The Red Foley Memorial Music Award

Red FoleyIn 1970, Berea College established the Red Foley Memorial Music Award.  Initiated by Ely. E. Siman, Jr., (Navy V-12, ’44), Foley’s long-time friend and manager, the annual award is presented to talented Berea College students in recognition of their musical contributions to the social life of the campus community.  This award is intended to assist the recipient in a professional music career, if he or she so desires, and to promote the kind of music associated with Red Foley’s career, such as folk, country, bluegrass, gospel, and popular music.

About Red Foley

Red FoleyRed Foley (June 17, 1910 – September 19, 1968) was born on a 24-acre farm in Blue Lick, Kentucky, and grew up in nearby Berea, where he attended the Berea Academy School.  He was born into a musical family, and by the time he was nine, he was giving impromptu concerts at his father’s general store, playing French harp, piano, banjo, trombone, harmonica and guitar.

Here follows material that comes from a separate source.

(* Let $\mathtt{L}=\{x,(x,u'),u'\}$ be a line of $\mathbb{S}$, where $(x,u')\in\mathcal{P}$, and let $\alpha$ be a point of $\mathbb{S}$ not on $\mathtt{L}$. Then there is exactly one point of $\mathtt{L}$ nearest to $\alpha$ (in the collinearity graph of $\mathbb{S}$).
   Context: Let $S=(P,L)$ and $S'=(P',L')$ be generalized quadrangles of order $(2,2)$ (every line has 3 points, every point lies on 3 lines, and for each point $x$ and line $l\not\ni x$ exactly one point of $l$ is collinear with $x$), with an isomorphism $x\mapsto x'$ from $S$ to $S'$. In a point-line geometry, $x^{\perp}$ is $x$ together with all points collinear with $x$, and $A^{\perp}=\bigcap_{a\in A}a^{\perp}$. A triad is a set of three pairwise non-collinear points, complete if $|T^{\perp}|=3$. Let $\mathcal{P}=\{(x,y')\in P\times P':y'\in x'^{\perp}\}$ and $\mathcal{L}$ the set of all $3$-subsets $\{(x,u'),(y,v'),(z,w')\}$ of $\mathcal{P}$ where $T=\{x,y,z\}$ (three distinct points) is a line or complete triad of $S$ and $\{u',v',w'\}=T'^{\perp}$ in $S'$ with $u',v',w'$ distinct. The geometry $\mathbb{S}=(\mathbb{P},\mathbb{L})$ has point set $\mathbb{P}=\mathcal{P}\cup P\cup P'$ (disjoint union) and line set $\mathcal{L}\cup\{\{x,(x,u'),u'\}:(x,u')\in\mathcal{P}\}$. *)

theory Defs
  imports Main "HOL-Library.Extended_Nat"
begin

In 1930, as a freshman at Georgetown College, he was spotted by a talent scout from Chicago’s WLS-AM and was chosen to sing with producer John Lair’s Cumberland Ridge Runners, then the house band on the National Barn Dance.  In 1937 he worked with Lair and Whitey Ford to help establish the Renfro Valley Barn Dance, performing everything from sentimental ballads to boogie-woogie and blues.

Clyde Julian "Red" Foley mile mark

From 1944-59, Foley charted 41 solo country entries, of which 38 were Top 10 hits.  Six went to the top, including his 1950, million-selling “Chattanoogie Shoe Shine Boy,” which also topped the pop charts.  For more than two decades, Foley was one of the biggest stars of the country music genre.  His 1951 hit, “Peace in the Valley,” was also the first million-selling gospel record, and was entered into the Library of Congress’ National Recording Registry in 2006.

Foley was elected to the Country Music Hall of Fame in 1967 (the first Kentuckian and one of only six then-living inductees), which honored him as “one of the most versatile and moving performers of all time” and “a giant influence during the formative years of contemporary Country music and today a timeless legend.”

Foley Middle School, named for the singer, opened in Berea in 1978.  In 2002, he was inducted into the Kentucky Music Hall of Fame.  And on June 10, 2003, a Kentucky State Historical Marker (#2114) was placed at Foley’s boyhood home in Berea.